Tulus is the debut studio album by Indonesian recording artist Tulus. The album was produced by Ari Renaldi and released by Tulus Record in September 2011. It also launched by Demajors. The album contains 10 songs, including "Merdu Untukmu", "Diorama", and "Sewindu".

Tulus wrote most of the songs, like "Sewindu", "Teman Hidup", "Kisah Sebentar", "Tuan Nona kesepian" and "Jatuh Cinta" which dominated the charts on radio stations across Indonesia. The self-titled album was top the charts on January until February 2012, by Rolling Stone Indonesia.

Track listing

Personnel
Tulus – lead vocals, lyrics, backing vocal
Anto Arief – guitar, lyrics (track no 2, 6)
Razis Henry – lyrics
Ari Renaldi – producer, drum, keys
Rudy Zulkarnaen – upright bass (track no 2, 3, 7, 8)
Grace Sahertian, Marshella Safira, Lukman Hakim – backing vocals (track no 2, 3)
Topan Abimanyu – guitar (track no 3, 4, 7, 8)
Brury Effendi – trumpet, flugerhorn (track no 3, 7)
Imam Praseno – piano (track no 3)
dr.

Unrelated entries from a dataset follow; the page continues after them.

(* Let $k\ge 3$. Then $\displaystyle\lim_{n\to\infty}\frac{M_k(n)-L_k(n)}{L_k(n)}=0$, where $L_k(n)=|\mathbf{S}_k(n)|$.
   Context: Let $\Sigma=\{0,1,\dots,k-1\}$. Strings are compared lexicographically ($\alpha<\beta$ if $\alpha$ is a proper prefix of $\beta$, or $\alpha$ has the smaller symbol at the first index where they differ). For $\alpha=a_1\cdots a_n$, $\alpha^R=a_n\cdots a_1$; $[\alpha]$ is the set of rotations of $\alpha$. $\alpha$ is a necklace if it is the lexicographically smallest element of $[\alpha]$; a bracelet if it is the lexicographically smallest element of $[\alpha]\cup[\alpha^R]$. A necklace $\alpha$ is symmetric if $\alpha^R\in[\alpha]$, asymmetric otherwise. $\mathbf{A}_k(n)$ is the set of asymmetric bracelets of length $n$ over $\Sigma$, and $\mathbf{S}_k(n)=\bigcup_{\alpha\in\mathbf{A}_k(n)}[\alpha]$. A cyclic sequence $s_1\cdots s_L$ has windows $w_t=s_t\cdots s_{t+n-1}$ ($t=1,\dots,L$, indices mod $L$); it is an orientable sequence of order $n$ if the $2L$ strings $w_1,\dots,w_L,w_1^R,\dots,w_L^R$ are pairwise distinct. $M_k(n)$ is the maximum length of an orientable sequence of order $n$ over $\Sigma$. *)

theory Defs
  imports Complex_Main
begin

definition strings :: "nat \<Rightarrow> nat \<Rightarrow> nat list set" where
  "strings k n = {xs. length xs = n \<and> (\<forall>x\<in>set xs. x < k)}"

definition lex_less :: "nat list \<Rightarrow> nat list \<Rightarrow> bool" where
  "lex_less a b \<longleftrightarrow>
     (\<exists>zs. zs \<noteq> [] \<and> b = a @ zs) \<or>
     (\<exists>i < min (length a) (length b). take i a = take i b \<and> a ! i < b ! i)"

definition lex_le :: "nat list \<Rightarrow> nat list \<Rightarrow> bool" where
  "lex_le a b \<longleftrightarrow> a = b \<or> lex_less a b"

definition rots :: "nat list \<Rightarrow> nat list set" where
  "rots a = {rotate i a | i. i < length a} \<union> {a}"

definition is_necklace :: "nat list \<Rightarrow> bool" where
  "is_necklace a \<longleftrightarrow> (\<forall>b\<in>rots a. lex_le a b)"

definition is_bracelet :: "nat list \<Rightarrow> bool" where
  "is_bracelet a \<longleftrightarrow> (\<forall>b\<in>rots a \<union> rots (rev a). lex_le a b)"

definition symmetric_necklace :: "nat list \<Rightarrow> bool" where
  "symmetric_necklace a \<longleftrightarrow> is_necklace a \<and> rev a \<in> rots a"

definition asymmetric_necklace :: "nat list \<Rightarrow> bool" where
  "asymmetric_necklace a \<longleftrightarrow> is_necklace a \<and> rev a \<notin> rots a"

definition asym_bracelets :: "nat \<Rightarrow> nat \<Rightarrow> nat list set" where
  "asym_bracelets k n = {a \<in> strings k n. is_bracelet a \<and> asymmetric_necklace a}"

definition S_set :: "nat \<Rightarrow> nat \<Rightarrow> nat list set" where
  "S_set k n = (\<Union>a\<in>asym_bracelets k n. rots a)"

definition L_k :: "nat \<Rightarrow> nat \<Rightarrow> nat" where
  "L_k k n = card (S_set k n)"

definition window :: "nat list \<Rightarrow> nat \<Rightarrow> nat \<Rightarrow> nat list" where
  "window s n t = map (\<lambda>i. s ! ((t + i) mod length s)) [0..<n]"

Gega Nesywara – electric bass (track no 4)
Sindhu Bayusekti – bass (track no 5, 6)
Ivan Jonathan – piano, rhodes (track no 5, 10)
Marshella Safira, Lukman Hakim – backing vocal (track no 6)
Grace Sahertian – backing vocal (track no 7)

Popular culture
The cover of the album was used as the butt of jokes for meme-makers.